Betekent dat dat je je manier van scouten zal moeten bijsturen ?

“Je kan de manier van scouten bij Charleroi niet vergelijken met die bij Anderlecht. Je moet wel alles gezien hebben. Ik ben vooral verantwoordelijk voor België, Nederland en Frankrijk. Ik ging vroeger zelden naar de eerste klasse en volgde de tweede klasse een beetje. Toekomstgericht zal dat nu wel meer gebeuren. Vooral de Franse tweede klasse moet volledig uitgekuist worden. Dat zijn spelers die haalbaar zijn en daar zit nog veel talent. Ook de Belgische jeugd vanaf vijftien jaar. Spelers van de eerste klasse in Frankrijk worden voor een club als Anderlecht al moeilijk. Die jongens hebben peperdure contracten en de competitie in België spreekt niet meer aan zoals voor tien jaar. Dus het zal voor Franse spelers vooral in de tweede klasse moeten gebeuren.”

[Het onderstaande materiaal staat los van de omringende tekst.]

definition reflections :: "('i \<Rightarrow> 'a::real_inner) \<Rightarrow> 'i set \<Rightarrow> ('a \<Rightarrow> 'a) set" where
  "reflections \<alpha> I = {word_eval \<alpha> ws \<circ> sref \<alpha> i \<circ> word_eval \<alpha> (rev ws) | ws i. ws \<in> lists I \<and> i \<in> I}"

definition bruhat_le :: "('i \<Rightarrow> 'a::real_inner) \<Rightarrow> 'i set \<Rightarrow> ('a \<Rightarrow> 'a) \<Rightarrow> ('a \<Rightarrow> 'a) \<Rightarrow> bool" where
  "bruhat_le \<alpha> I x y \<longleftrightarrow> x \<in> weyl \<alpha> I \<and> y \<in> weyl \<alpha> I \<and>
     (x, y) \<in> {(a, a \<circ> t) | a t. a \<in> weyl \<alpha> I \<and> t \<in> reflections \<alpha> I
                    \<and> len \<alpha> I a < len \<alpha> I (a \<circ> t)}\<^sup>*"

definition supp :: "('i \<Rightarrow> 'a::real_inner) \<Rightarrow> 'i set \<Rightarrow> ('a \<Rightarrow> 'a) \<Rightarrow> 'i set" where
  "supp \<alpha> I u = {i \<in> I. \<exists>ws\<in>lists I. word_eval \<alpha> ws = u \<and> length ws = len \<alpha> I u \<and> i \<in> set ws}"

end

theory Submission
  imports Defs
begin

text \<open>Call \<open>a \<in> W\<close> \<open>J\<close>-positive if it maps every \<open>\<alpha>\<^sub>j\<close>, \<open>j \<in> J\<close>, to a positive root.
  Minimal coset representatives are \<open>J\<close>-positive, and every coset \<open>a W\<^sub>J\<close> contains at most one
  \<open>J\<close>-positive element. Write \<open>u = s\<^sub>i\<^sub>1 \<dots> s\<^sub>i\<^sub>k\<close> reduced and multiply \<open>w v\<close> by its letters from
  the right end of the word; by the length hypothesis each letter \<open>s\<^sub>i\<close> shortens the current
  element \<open>a b\<close> (\<open>a\<close> \<open>J\<close>-positive, \<open>b \<in> W\<^sub>J\<close>), so \<open>(a b)\<^sup>-\<^sup>1 \<alpha>\<^sub>i\<close> is negative. If
  \<open>a\<^sup>-\<^sup>1 \<alpha>\<^sub>i\<close> is negative too, then \<open>s\<^sub>i a\<close> is \<open>J\<close>-positive and strictly below \<open>a\<close> in the
  Bruhat order. Otherwise \<open>a \<alpha>\<^sub>j = \<alpha>\<^sub>i\<close> for some \<open>j \<in> J\<close>, so \<open>s\<^sub>i a b = a (s\<^sub>j b)\<close> and \<open>a\<close> does not
  change. At the end \<open>a\<close> is the \<open>J\<close>-positive element of \<open>w' W\<^sub>J\<close>, that is \<open>w'\<close>; hence
  \<open>w' \<le> w\<close>, and \<open>w' = w\<close> forces the second case at every letter, i.e.
  \<open>w\<^sup>-\<^sup>1 \<alpha>\<^sub>i \<in> \<alpha> ` J\<close> for all \<open>i\<close> in any reduced word for \<open>u\<close>.\<close>

lemma linear_refl: "linear (refl a)"
  unfolding refl_def
  by (rule linearI) (auto simp: inner_add_left algebra_simps add_divide_distrib diff_divide_distrib)

lemma refl_inner_refl: "a \<noteq> 0 \<Longrightarrow> refl a x \<bullet> refl a y = x \<bullet> y"
  unfolding refl_def by (simp add: inner_diff_left inner_diff_right inner_commute field_simps)

lemma refl_refl: "a \<noteq> 0 \<Longrightarrow> refl a (refl a x) = x"
  unfolding refl_def by (simp add: inner_diff_left field_simps)

lemma refl_self: "a \<noteq> 0 \<Longrightarrow> refl a a = - a"
  unfolding refl_def by (simp add: algebra_simps scaleR_2)

lemma orthogonal_map_comp_refl:
  assumes "linear f" and "\<And>x y. f x \<bullet> f y = x \<bullet> y"
  shows "f \<circ> refl a = refl (f a) \<circ> f"
  using assms unfolding refl_def by (simp add: fun_eq_iff linear_diff linear_cmul)

lemma word_eval_Nil [simp]: "word_eval \<alpha> [] = id"
  by (simp add: word_eval_def)

lemma word_eval_Cons [simp]: "word_eval \<alpha> (i # ws) = sref \<alpha> i \<circ> word_eval \<alpha> ws"
  by (simp add: word_eval_def)

lemma word_eval_append: "word_eval \<alpha> (ws @ vs) = word_eval \<alpha> ws \<circ> word_eval \<alpha> vs"
  by (induction ws) auto

lemma weyl_induct [consumes 1, case_names id sref]:
  assumes "f \<in> weyl \<alpha> S" and "P id"
    and "\<And>i f. i \<in> S \<Longrightarrow> f \<in> weyl \<alpha> S \<Longrightarrow> P f \<Longrightarrow> P (sref \<alpha> i \<circ> f)"
  shows "P f"
proof -
  obtain ws where "ws \<in> lists S" "f = word_eval \<alpha> ws"
    using assms(1) unfolding weyl_def by blast
  then show ?thesis
  proof (induction ws arbitrary: f)
    case Nil
    then show ?case using assms(2) by (simp add: id_def)
  next
    case (Cons i ws)
    then have "i \<in> S" "word_eval \<alpha> ws \<in> weyl \<alpha> S" "P (word_eval \<alpha> ws)"
      by (auto simp: weyl_def)
    then have "P (sref \<alpha> i \<circ> word_eval \<alpha> ws)" by (rule assms(3))
    then show ?case using Cons by (simp only: word_eval_Cons)
  qed
qed

lemma word_eval_in_weyl: "ws \<in> lists S \<Longrightarrow> word_eval \<alpha> ws \<in> weyl \<alpha> S"
  by (simp add: weyl_def)

lemma weyl_comp: "f \<in> weyl \<alpha> S \<Longrightarrow> g \<in> weyl \<alpha> S \<Longrightarrow> f \<circ> g \<in> weyl \<alpha> S"
  unfolding weyl_def by (auto simp flip: word_eval_append intro!: image_eqI)

lemma sref_in_weyl: "i \<in> S \<Longrightarrow> sref \<alpha> i \<in> weyl \<alpha> S"
  using word_eval_in_weyl[of "[i]" S \<alpha>] by simp

lemma weyl_mono: "J \<subseteq> I \<Longrightarrow> weyl \<alpha> J \<subseteq> weyl \<alpha> I"
  unfolding weyl_def using lists_mono by blast

lemma len_le_length: "ws \<in> lists S \<Longrightarrow> len \<alpha> S (word_eval \<alpha> ws) \<le> length ws"
  unfolding len_def by (rule Least_le) blast

lemma obtain_reduced_word:
  assumes "f \<in> weyl \<alpha> S"
  obtains ws where "ws \<in> lists S" "length ws = len \<alpha> S f" "word_eval \<alpha> ws = f"
proof -
  have "\<exists>ws\<in>lists S. length ws = len \<alpha> S f \<and> word_eval \<alpha> ws = f"
    unfolding len_def by (rule LeastI_ex) (use assms in \<open>auto simp: weyl_def\<close>)
  then show ?thesis using that by blast
qed

lemma len_comp_le:
  assumes "f \<in> weyl \<alpha> S" and "g \<in> weyl \<alpha> S"
  shows "len \<alpha> S (f \<circ> g) \<le> len \<alpha> S f + len \<alpha> S g"
proof -
  obtain ws where "ws \<in> lists S" "length ws = len \<alpha> S f" "word_eval \<alpha> ws = f"
    using obtain_reduced_word[OF assms(1)] .
  moreover obtain vs where "vs \<in> lists S" "length vs = len \<alpha> S g" "word_eval \<alpha> vs = g"
    using obtain_reduced_word[OF assms(2)] .
  ultimately show ?thesis using len_le_length[of "ws @ vs" S \<alpha>] by (simp add: word_eval_append)
qed

definition bruhat_step :: "('i \<Rightarrow> 'a::real_inner) \<Rightarrow> 'i set \<Rightarrow> (('a \<Rightarrow> 'a) \<times> ('a \<Rightarrow> 'a)) set" where
  "bruhat_step \<alpha> I = {(a, a \<circ> t) | a t. a \<in> weyl \<alpha> I \<and> t \<in> reflections \<alpha> I
                        \<and> len \<alpha> I a < len \<alpha> I (a \<circ> t)}"

lemma bruhat_le_iff:
  "bruhat_le \<alpha> I x y \<longleftrightarrow> x \<in> weyl \<alpha> I \<and> y \<in> weyl \<alpha> I \<and> (x, y) \<in> (bruhat_step \<alpha> I)\<^sup>*"
  by (simp add: bruhat_le_def bruhat_step_def)

lemma bruhat_stepI:
  "a \<in> weyl \<alpha> I \<Longrightarrow> t \<in> reflections \<alpha> I \<Longrightarrow> len \<alpha> I a < len \<alpha> I (a \<circ> t)
    \<Longrightarrow> (a, a \<circ> t) \<in> bruhat_step \<alpha> I"
  unfolding bruhat_step_def by blast

definition nonneg_comb :: "('i \<Rightarrow> 'a::real_vector) \<Rightarrow> 'i set \<Rightarrow> 'a \<Rightarrow> bool" where
  "nonneg_comb \<alpha> S x \<longleftrightarrow> (\<exists>c. (\<forall>i\<in>S. 0 \<le> c i) \<and> x = (\<Sum>i\<in>S. c i *\<^sub>R \<alpha> i))"

lemma nonneg_comb_0: "nonneg_comb \<alpha> S 0"
  unfolding nonneg_comb_def by (intro exI[of _ "\<lambda>_. 0"]) auto

lemma nonneg_comb_add:
  assumes "nonneg_comb \<alpha> S x" and "nonneg_comb \<alpha> S y"
  shows "nonneg_comb \<alpha> S (x + y)"
proof -
  obtain c d where "\<forall>i\<in>S. 0 \<le> c i" "x = (\<Sum>i\<in>S. c i *\<^sub>R \<alpha> i)"
    and "\<forall>i\<in>S. 0 \<le> d i" "y = (\<Sum>i\<in>S. d i *\<^sub>R \<alpha> i)"
    using assms unfolding nonneg_comb_def by blast
  then show ?thesis unfolding nonneg_comb_def
    by (intro exI[of _ "\<lambda>i. c i + d i"]) (auto simp: scaleR_add_left sum.distrib)
qed

lemma nonneg_comb_scaleR:
  assumes "nonneg_comb \<alpha> S x" and "0 \<le> t"
  shows "nonneg_comb \<alpha> S (t *\<^sub>R x)"
proof -
  obtain c where "\<forall>i\<in>S. 0 \<le> c i" "x = (\<Sum>i\<in>S. c i *\<^sub>R \<alpha> i)"
    using assms(1) unfolding nonneg_comb_def by blast
  then show ?thesis unfolding nonneg_comb_def using assms(2)
    by (intro exI[of _ "\<lambda>i. t * c i"]) (auto simp: scaleR_sum_right)
qed

lemma nonneg_comb_sum:
  "finite T \<Longrightarrow> (\<And>k. k \<in> T \<Longrightarrow> nonneg_comb \<alpha> S (x k) \<and> 0 \<le> c k)
    \<Longrightarrow> nonneg_comb \<alpha> S (\<Sum>k\<in>T. c k *\<^sub>R x k)"
  by (induction T rule: finite_induct) (auto intro!: nonneg_comb_add nonneg_comb_scaleR nonneg_comb_0)

lemma sum_indicator_scaleR:
  fixes \<alpha> :: "'i \<Rightarrow> 'a::real_vector"
  assumes "finite S" and "i \<in> S"
  shows "(\<Sum>k\<in>S. (if k = i then r else 0) *\<^sub>R \<alpha> k) = r *\<^sub>R \<alpha> i"
proof -
  have "(\<Sum>k\<in>S. (if k = i then r else 0) *\<^sub>R \<alpha> k) = (\<Sum>k\<in>S. if k = i then r *\<^sub>R \<alpha> k else 0)"
    by (rule sum.cong) auto
  also have "\<dots> = r *\<^sub>R \<alpha> i" using assms by (simp add: sum.delta)
  finally show ?thesis .
qed

lemma nonneg_comb_base: "finite S \<Longrightarrow> i \<in> S \<Longrightarrow> nonneg_comb \<alpha> S (\<alpha> i)"
  unfolding nonneg_comb_def
  by (intro exI[of _ "\<lambda>k. if k = i then 1 else 0"]) (simp add: sum_indicator_scaleR)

Wordt het niet moeilijker werken voor jou ? De concurrentie qua scouting zal op dit niveau ook groter zijn.

“Het zal niet eenvoudiger zijn om de goeie talenten eruit te pikken, maar van de andere kant zijn er ook meer mogelijkheden. Bij Charleroi moesten het allemaal gratis en onbekende spelers zijn, terwijl je hier toch een budget kan voorleggen.”

In spelers als Sébastien Pocognoli en Guillaume Gillet zat meer, gaf je onlangs aan.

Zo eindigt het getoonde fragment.